Communication on Groomed Snowmobile Trails (or lack thereof)

Communication on Groomed Snowmobile Trails (or lack thereof)

The dire need for a break on the trail:

How many times have you gotten all packed up, signalled to all of your friends that you’re ready to go, and then taken off at the speed of a meteor only to realize 10sec into the ride that you forgot to zip your jacket up over your neck. Now you are stuck with a pea sized, jet powered, stream of cold air directed at your Adam’’s apple. You have 2 choices. Choice 1: Suck it up, and ride until your group decides to take their first stop. In making this decision, you compare your comfort level to enduring Chinese Water Torture, all while risking frost bite. Choice 2: You pull off the side of the trail to fix your jacket, and lets be real, that leads to fixing your balaclava, which leads to fixing your googles, which leads to fixing your helmet! Now you’re ready. Oh wait, now you have to put your gloves back on, and fix your jacket sleeves. Okay. Now you are ready. Just before you take off, you turn and signal the buddies behind you with a thumbs up. They give you a thumbs up and as you turn around to face the trail, you see the three buddies who were in front of you riding back towards you. In the time it took you to finish adjusting your gear, they noticed you were gone, waited a minute, and when they didn't see you coming, assumed you had already blown a corner in the first couple minutes of the ride. Due to their concerns they performed a 6 point turn each, on the straightest part of the trail they could find (it was still close to a corner) and turned around to come to your aid. To make matters worse, after you explained you just needed to adjust your gear, they had to ride another 5min in the opposite direction just to find somewhere to turn around and come back to meet you. Before they arrive back at your location, another group passes you. Your group is finally reunited and you’re ready to ride. You all take off together for the second time today and it’s finally feeling like everyone is ready to pick up speed and have a fun day on the trails! Next thing you know, you catch up to the group who passed you. They’re doing 20km/h.

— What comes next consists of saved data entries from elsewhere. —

(* Let $X\in\mathbb{R}^{n\times nN}$ and $U\in\mathbb{R}^{m\times nN}$ satisfy $AX+BU=X(P\otimes I_n)$ and $X(\mathrm{e}_1\otimes I_n)=I_n$. Then $\Psi=\begin{bmatrix}X\\ Z\end{bmatrix}\in\mathbb{R}^{nN\times nN}$ is invertible, and if $(K,H,G,F)$ is the (unique) solution of $\begin{bmatrix} K & H \\ G & F \end{bmatrix}\Psi=\begin{bmatrix} U \\ V \end{bmatrix}$, then the closed-loop matrix $\mathcal{A}_{cl}=\begin{bmatrix}A+BK & BH\\ G & F\end{bmatrix}$ satisfies $\mathcal{A}_{cl}=\Psi(P\otimes I_n)\Psi^{-1}$.
   Context: $A\in\mathbb{R}^{n\times n}$, $B\in\mathbb{R}^{n\times m}$, $N\ge 2$. $\mathrm{e}_1\in\mathbb{R}^N$ is the first standard basis vector. $P\in\mathbb{R}^{N\times N}$ is the nilpotent shift matrix $P=\begin{bmatrix}0 & 0\\ I_{N-1} & 0\end{bmatrix}$. $\otimes$ is the Kronecker product. $Z=\begin{bmatrix}0_{n(N-1)\times n} & I_{n(N-1)}\end{bmatrix}$ and $V=Z(P\otimes I_n)$. $K\in\mathbb{R}^{m\times n}$, $H\in\mathbb{R}^{m\times n(N-1)}$, $G\in\mathbb{R}^{n(N-1)\times n}$, $F\in\mathbb{R}^{n(N-1)\times n(N-1)}$. *)

theory Defs
  imports "Jordan_Normal_Form.Matrix"
begin

definition kron :: "'a :: times mat \<Rightarrow> 'a mat \<Rightarrow> 'a mat" (infixl \<open>\<otimes>\<^sub>k\<close> 70) where
  "kron M R = mat (dim_row M * dim_row R) (dim_col M * dim_col R)
     (\<lambda>(i,j). M $$ (i div dim_row R, j div dim_col R) * R $$ (i mod dim_row R, j mod dim_col R))"

definition shiftP :: "nat \<Rightarrow> real mat" where
  "shiftP N = mat N N (\<lambda>(i,j). if i = j + 1 then 1 else 0)"

definition e1 :: "nat \<Rightarrow> real mat" where
  "e1 N = mat N 1 (\<lambda>(i,j). if i = 0 then 1 else 0)"

text \<open>Z = [0_{n(N-1) x n}, I_{n(N-1)}].\<close>
definition Zmat :: "nat \<Rightarrow> nat \<Rightarrow> real mat" where
  "Zmat n N = mat (n * (N - 1)) (n * N) (\<lambda>(i,j). if j = i + n then 1 else 0)"

definition Vmat :: "nat \<Rightarrow> nat \<Rightarrow> real mat" where
  "Vmat n N = Zmat n N * (shiftP N \<otimes>\<^sub>k 1\<^sub>m n)"

end

theory Submission
  imports Defs "Jordan_Normal_Form.Determinant"
begin

text \<open>Write \<open>S = P \<otimes> I\<^sub>n\<close>. The hypothesis \<open>X (e\<^sub>1 \<otimes> I\<^sub>n) = I\<^sub>n\<close> says that the leading
  \<open>n \<times> n\<close> block of \<open>X\<close> is the identity, and \<open>Z\<close> is the identity on the remaining
  coordinates, so \<open>\<Psi> = [X; Z]\<close> is upper unitriangular and hence invertible.
  Multiplying the block equation \<open>[K H; G F] \<Psi> = [U; V]\<close> out gives \<open>KX + HZ = U\<close> and
  \<open>GX + FZ = ZS\<close>; together with \<open>AX + BU = XS\<close> this yields \<open>\<A>\<^sub>c\<^sub>l \<Psi> = \<Psi> S\<close>,
  i.e. \<open>\<A>\<^sub>c\<^sub>l = \<Psi> S \<Psi>\<^sup>-\<^sup>1\<close>.\<close>

lemma carrier_kron:
  assumes "M \<in> carrier_mat a b" "R \<in> carrier_mat c d"
  shows "M \<otimes>\<^sub>k R \<in> carrier_mat (a * c) (b * d)"
  using assms unfolding kron_def by auto

lemma index_kron:
  assumes "M \<in> carrier_mat a b" "R \<in> carrier_mat c d" "i < a * c" "j < b * d"
  shows "(M \<otimes>\<^sub>k R) $$ (i, j) = M $$ (i div c, j div d) * R $$ (i mod c, j mod d)"
  using assms unfolding kron_def by auto

lemma index_append_rows:
  assumes "A \<in> carrier_mat r1 c" "B \<in> carrier_mat r2 c" "i < r1 + r2" "j < c"
  shows "(A @\<^sub>r B) $$ (i, j) = (if i < r1 then A $$ (i, j) else B $$ (i - r1, j))"
  using assms unfolding append_rows_def by auto

lemma append_rows_inject:
  assumes "A \<in> carrier_mat r1 c" "B \<in> carrier_mat r2 c"
    and "C \<in> carrier_mat r1 c" "D \<in> carrier_mat r2 c"
    and "A @\<^sub>r B = C @\<^sub>r D"
  shows "A = C \<and> B = D"
proof
  show "A = C"
  proof (rule eq_matI)
    fix i j assume "i < dim_row C" "j < dim_col C"
    then show "A $$ (i, j) = C $$ (i, j)"
      using assms index_append_rows[of A r1 c B r2 i j] index_append_rows[of C r1 c D r2 i j] by auto
  qed (use assms in auto)
  show "B = D"
  proof (rule eq_matI)
    fix i j assume "i < dim_row D" "j < dim_col D"
    then show "B $$ (i, j) = D $$ (i, j)"
      using assms index_append_rows[of A r1 c B r2 "i + r1" j]
        index_append_rows[of C r1 c D r2 "i + r1" j] by auto
  qed (use assms in auto)
qed

lemma append_rows_mult:
  assumes "X \<in> carrier_mat r1 c" "Z \<in> carrier_mat r2 c" "S \<in> carrier_mat c d"
  shows "(X @\<^sub>r Z) * S = (X * S) @\<^sub>r (Z * S)"
proof -
  have XZ: "dim_row (X @\<^sub>r Z) = r1 + r2" "dim_col (X @\<^sub>r Z) = c"
    using carrier_append_rows[OF assms(1,2)] by auto
  have XSZS: "dim_row ((X * S) @\<^sub>r (Z * S)) = r1 + r2" "dim_col ((X * S) @\<^sub>r (Z * S)) = d"
    using carrier_append_rows[OF mult_carrier_mat[OF assms(1,3)] mult_carrier_mat[OF assms(2,3)]]
    by auto
  show ?thesis
  proof (rule eq_matI)
    fix i j assume "i < dim_row ((X * S) @\<^sub>r (Z * S))" "j < dim_col ((X * S) @\<^sub>r (Z * S))"
    then have i: "i < r1 + r2" and j: "j < d" using XSZS by auto
    have "row (X @\<^sub>r Z) i = (if i < r1 then row X i else row Z (i - r1))"
      by (rule eq_vecI) (use assms i XZ in \<open>auto simp: index_append_rows\<close>)
    then show "((X @\<^sub>r Z) * S) $$ (i, j) = ((X * S) @\<^sub>r (Z * S)) $$ (i, j)"
      using assms i j XZ by (subst index_append_rows[of _ r1 d _ r2]) auto
  qed (use assms XZ XSZS in auto)
qed

lemma four_block_mat_mult_append_rows:
  assumes "A \<in> carrier_mat r1 c1" "B \<in> carrier_mat r1 c2"
    and "C \<in> carrier_mat r2 c1" "D \<in> carrier_mat r2 c2"
    and "X \<in> carrier_mat c1 c" "Z \<in> carrier_mat c2 c"
  shows "four_block_mat A B C D * (X @\<^sub>r Z) = (A * X + B * Z) @\<^sub>r (C * X + D * Z)"
proof -
  have "dim_row X = c1" "dim_row Z = c2" using assms by auto
  then have "four_block_mat A B C D * (X @\<^sub>r Z) =
      four_block_mat (A * X + B * Z) (A * 0\<^sub>m c1 0 + B * 0\<^sub>m c2 0)
        (C * X + D * Z) (C * 0\<^sub>m c1 0 + D * 0\<^sub>m c2 0)"
    unfolding append_rows_def by (simp only:) (rule mult_four_block_mat, use assms in auto)
  also have "A * 0\<^sub>m c1 0 + B * 0\<^sub>m c2 0 = 0\<^sub>m r1 0" using assms by auto
  also have "C * 0\<^sub>m c1 0 + D * 0\<^sub>m c2 0 = 0\<^sub>m r2 0" using assms by auto
  finally show ?thesis unfolding append_rows_def using assms by simp
qed

lemma invertible_mat_upper_unitriangular:
  fixes A :: "'a :: field mat"
  assumes A: "A \<in> carrier_mat n n" and "upper_triangular A" and diag: "\<And>i. i < n \<Longrightarrow> A $$ (i, i) = 1"
  shows "invertible_mat A"
proof -
  have "det A = (\<Prod>i = 0..<n. A $$ (i, i))"
    using det_upper_triangular[OF assms(2) A] A by (simp add: prod_list_diag_prod)
  also have "\<dots> = 1" using diag by simp
  finally have "A \<in> Units (ring_mat TYPE('a) n ())"
    using det_non_zero_imp_unit[OF A] by simp
  then obtain B where "B \<in> carrier_mat n n" "B * A = 1\<^sub>m n" "A * B = 1\<^sub>m n"
    unfolding Units_def ring_mat_def by auto
  then show ?thesis
    using A unfolding invertible_mat_def inverts_mat_def by auto
qed

lemma intertwines_imp_eq_conj:
  fixes M :: "'a :: semiring_1 mat"
  assumes M: "M \<in> carrier_mat n n" and \<Psi>: "\<Psi> \<in> carrier_mat n n"
    and intertwines: "M * \<Psi> = \<Psi> * S"
    and right_inv: "\<Psi> * \<Psi>i = 1\<^sub>m n" and left_inv: "\<Psi>i * \<Psi> = 1\<^sub>m n"
  shows "M = \<Psi> * S * \<Psi>i"
proof -
  have \<Psi>i: "\<Psi>i \<in> carrier_mat n n"
    using arg_cong[OF left_inv, of dim_row] arg_cong[OF right_inv, of dim_col] by auto
  have "M = M * (\<Psi> * \<Psi>i)" by (simp add: right_inv right_mult_one_mat[OF M])
  also have "\<dots> = M * \<Psi> * \<Psi>i" using M \<Psi> \<Psi>i by (simp add: assoc_mult_mat)
  finally show ?thesis by (simp add: intertwines)
qed

lemma mult_e1_kron_one_index:
  assumes X: "X \<in> carrier_mat r (n * N)" and "N > 0" "i < r" "j < n"
  shows "(X * (e1 N \<otimes>\<^sub>k 1\<^sub>m n)) $$ (i, j) = X $$ (i, j)"
proof -
  define E where "E = e1 N \<otimes>\<^sub>k 1\<^sub>m n"
  have e1: "e1 N \<in> carrier_mat N 1" unfolding e1_def by simp
  have E: "E \<in> carrier_mat (N * n) (1 * n)"
    unfolding E_def by (rule carrier_kron[OF e1 one_carrier_mat])
  have E_index: "E $$ (k, j) = (if k = j then 1 else 0)" if "k < N * n" for k
    unfolding E_def using index_kron[OF e1 one_carrier_mat that] \<open>j < n\<close> that
    by (auto simp: e1_def div_eq_0_iff less_mult_imp_div_less)
  have "j < n * N" using \<open>N > 0\<close> \<open>j < n\<close> by (cases N) auto
  have "(X * E) $$ (i, j) = (\<Sum>k<n * N. X $$ (i, k) * E $$ (k, j))"
    using X E assms by (simp add: scalar_prod_def atLeast0LessThan mult.commute)
  also have "\<dots> = (\<Sum>k<n * N. if k = j then X $$ (i, k) else 0)"
    by (rule sum.cong) (auto simp: E_index mult.commute)
  also have "\<dots> = X $$ (i, j)" using \<open>j < n * N\<close> by simp
  finally show ?thesis unfolding E_def .
qed

lemma carrier_shift_kron_one: "shiftP N \<otimes>\<^sub>k 1\<^sub>m n \<in> carrier_mat (n * N) (n * N)"
  using carrier_kron[of "shiftP N" N N "1\<^sub>m n" n n] by (simp add: shiftP_def mult.commute)

lemma carrier_Zmat: "Zmat n N \<in> carrier_mat (n * (N - 1)) (n * N)"
  unfolding Zmat_def by simp

lemma mult_eq_add_mult_pred: "N > 0 \<Longrightarrow> n * N = n + n * (N - 1 :: nat)"
  by (cases N) auto

lemma carrier_append_rows_Zmat:
  assumes "N > 0" "X \<in> carrier_mat n (n * N)"
  shows "X @\<^sub>r Zmat n N \<in> carrier_mat (n * N) (n * N)"
  using carrier_append_rows[OF assms(2) carrier_Zmat] mult_eq_add_mult_pred[OF assms(1), of n]
  by simp

lemma invertible_mat_append_rows_Zmat:
  assumes "N > 0" and X: "X \<in> carrier_mat n (n * N)" and X_lead: "X * (e1 N \<otimes>\<^sub>k 1\<^sub>m n) = 1\<^sub>m n"
  shows "invertible_mat (X @\<^sub>r Zmat n N)"
proof -
  let ?\<Psi> = "X @\<^sub>r Zmat n N"
  have \<Psi>: "?\<Psi> \<in> carrier_mat (n * N) (n * N)"
    using carrier_append_rows_Zmat[OF \<open>N > 0\<close> X] .
  have X_index: "X $$ (i, j) = (if i = j then 1 else 0)" if "i < n" "j < n" for i j
    using mult_e1_kron_one_index[OF X \<open>N > 0\<close> that] X_lead that by simp
  have \<Psi>_index: "?\<Psi> $$ (i, j) = (if i = j then 1 else 0)" if "i < n * N" "j < n * N" "j \<le> i" for i j
    using that X_index[of i j] mult_eq_add_mult_pred[OF \<open>N > 0\<close>, of n]
    by (subst index_append_rows[OF X carrier_Zmat]) (auto simp: Zmat_def)
  have "upper_triangular ?\<Psi>"
    using \<Psi> by (intro upper_triangularI) (simp add: \<Psi>_index)
  then show ?thesis
    by (rule invertible_mat_upper_unitriangular[OF \<Psi>]) (simp add: \<Psi>_index)
qed

lemma closed_loop_intertwines:
  assumes "N > 0"
    and A: "A \<in> carrier_mat n n" and B: "B \<in> carrier_mat n m"
    and X: "X \<in> carrier_mat n (n * N)" and U: "U \<in> carrier_mat m (n * N)"
    and K: "K \<in> carrier_mat m n" and H: "H \<in> carrier_mat m (n * (N - 1))"
    and G: "G \<in> carrier_mat (n * (N - 1)) n" and F: "F \<in> carrier_mat (n * (N - 1)) (n * (N - 1))"
    and dynamics: "A * X + B * U = X * (shiftP N \<otimes>\<^sub>k 1\<^sub>m n)"
    and gains: "four_block_mat K H G F * (X @\<^sub>r Zmat n N) = U @\<^sub>r Vmat n N"
  shows "four_block_mat (A + B * K) (B * H) G F * (X @\<^sub>r Zmat n N)
    = (X @\<^sub>r Zmat n N) * (shiftP N \<otimes>\<^sub>k 1\<^sub>m n)"
proof -
  let ?Z = "Zmat n N" and ?S = "shiftP N \<otimes>\<^sub>k 1\<^sub>m n"
  note nN = mult_eq_add_mult_pred[OF \<open>N > 0\<close>, of n]
  have X': "X \<in> carrier_mat n (n + n * (N - 1))" and Z': "?Z \<in> carrier_mat (n * (N - 1)) (n + n * (N - 1))"
    using X carrier_Zmat[of n N] by (simp_all only: nN)
  have V: "Vmat n N \<in> carrier_mat (n * (N - 1)) (n * N)"
    unfolding Vmat_def using carrier_Zmat carrier_shift_kron_one by (rule mult_carrier_mat)
  have "(K * X + H * ?Z) @\<^sub>r (G * X + F * ?Z) = U @\<^sub>r Vmat n N"
    using gains four_block_mat_mult_append_rows[OF K H G F X' Z'] by simp
  then have "K * X + H * ?Z = U \<and> G * X + F * ?Z = Vmat n N"
    by (rule append_rows_inject[rotated 4]) (use K H G F X carrier_Zmat[of n N] U V in auto)
  then have KH: "K * X + H * ?Z = U" and GF: "G * X + F * ?Z = ?Z * ?S"
    unfolding Vmat_def by auto
  have "(A + B * K) * X + B * H * ?Z = A * X + B * (K * X) + B * (H * ?Z)"
    using A B K H X carrier_Zmat[of n N] by (simp add: add_mult_distrib_mat assoc_mult_mat)
  also have "\<dots> = A * X + (B * (K * X) + B * (H * ?Z))"
    using A B K H X carrier_Zmat[of n N] by (intro assoc_add_mat) auto
  also have "\<dots> = A * X + B * (K * X + H * ?Z)"
    using B K H X carrier_Zmat[of n N] by (subst mult_add_distrib_mat) auto
  also have "\<dots> = X * ?S" using KH dynamics by simp
  finally have "(A + B * K) * X + B * H * ?Z = X * ?S" .
  moreover have "four_block_mat (A + B * K) (B * H) G F * (X @\<^sub>r ?Z)
      = ((A + B * K) * X + B * H * ?Z) @\<^sub>r (G * X + F * ?Z)"
    using A B K H by (intro four_block_mat_mult_append_rows[OF _ _ G F X' Z']) auto
  ultimately show ?thesis
    using GF append_rows_mult[OF X carrier_Zmat carrier_shift_kron_one] by simp
qed

theorem mainTheorem2:
  fixes A B X U :: "real mat" and n m N :: nat
  assumes "N \<ge> 2"
    and "A \<in> carrier_mat n n" and "B \<in> carrier_mat n m"
    and "X \<in> carrier_mat n (n * N)" and "U \<in> carrier_mat m (n * N)"
    and "A * X + B * U = X * (shiftP N \<otimes>\<^sub>k 1\<^sub>m n)"
    and "X * (e1 N \<otimes>\<^sub>k 1\<^sub>m n) = 1\<^sub>m n"
  shows "invertible_mat (X @\<^sub>r Zmat n N) \<and>
    (\<forall>K H G F. K \<in> carrier_mat m n \<and> H \<in> carrier_mat m (n * (N - 1)) \<and>
        G \<in> carrier_mat (n * (N - 1)) n \<and> F \<in> carrier_mat (n * (N - 1)) (n * (N - 1)) \<and>
        four_block_mat K H G F * (X @\<^sub>r Zmat n N) = U @\<^sub>r Vmat n N \<longrightarrow>
      (\<forall>\<Psi>i. (X @\<^sub>r Zmat n N) * \<Psi>i = 1\<^sub>m (n * N) \<and> \<Psi>i * (X @\<^sub>r Zmat n N) = 1\<^sub>m (n * N) \<longrightarrow>
        four_block_mat (A + B * K) (B * H) G F = (X @\<^sub>r Zmat n N) * (shiftP N \<otimes>\<^sub>k 1\<^sub>m n) * \<Psi>i))"
proof (intro conjI allI impI; (elim conjE)?)
  have "N > 0" using \<open>N \<ge> 2\<close> by simp
  show "invertible_mat (X @\<^sub>r Zmat n N)"
    using invertible_mat_append_rows_Zmat[OF \<open>N > 0\<close> assms(4,7)] .
  fix K H G F \<Psi>i
  assume K: "K \<in> carrier_mat m n" and H: "H \<in> carrier_mat m (n * (N - 1))"
    and G: "G \<in> carrier_mat (n * (N - 1)) n" and F: "F \<in> carrier_mat (n * (N - 1)) (n * (N - 1))"
    and gains: "four_block_mat K H G F * (X @\<^sub>r Zmat n N) = U @\<^sub>r Vmat n N"
    and inverse: "(X @\<^sub>r Zmat n N) * \<Psi>i = 1\<^sub>m (n * N)" "\<Psi>i * (X @\<^sub>r Zmat n N) = 1\<^sub>m (n * N)"
  have "four_block_mat (A + B * K) (B * H) G F \<in> carrier_mat (n * N) (n * N)"
    using assms(2,3) K H G F by (auto simp: mult_eq_add_mult_pred[OF \<open>N > 0\<close>])
  then show "four_block_mat (A + B * K) (B * H) G F = (X @\<^sub>r Zmat n N) * (shiftP N \<otimes>\<^sub>k 1\<^sub>m n) * \<Psi>i"
    using intertwines_imp_eq_conj carrier_append_rows_Zmat[OF \<open>N > 0\<close> assms(4)] inverse
      closed_loop_intertwines[OF \<open>N > 0\<close> assms(2-5) K H G F assms(6) gains] by blast
qed

end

This may seem a little dramatized but let me tell you, I have experienced this exact situation multiple times! Even if your gear is perfect, replace “you forgot to zip your jacket up over your neck” with “you realize you need to pee” and “a pea sized, jet powered, stream of cold air directed at your Adam's apple” with “a pea sized, jet powered stream of bodily fluid about to emerge from your bladder”. Maybe you’ve never peed your pants on the trail, but don’t act like you haven’t thought about it, we’ve all been there. 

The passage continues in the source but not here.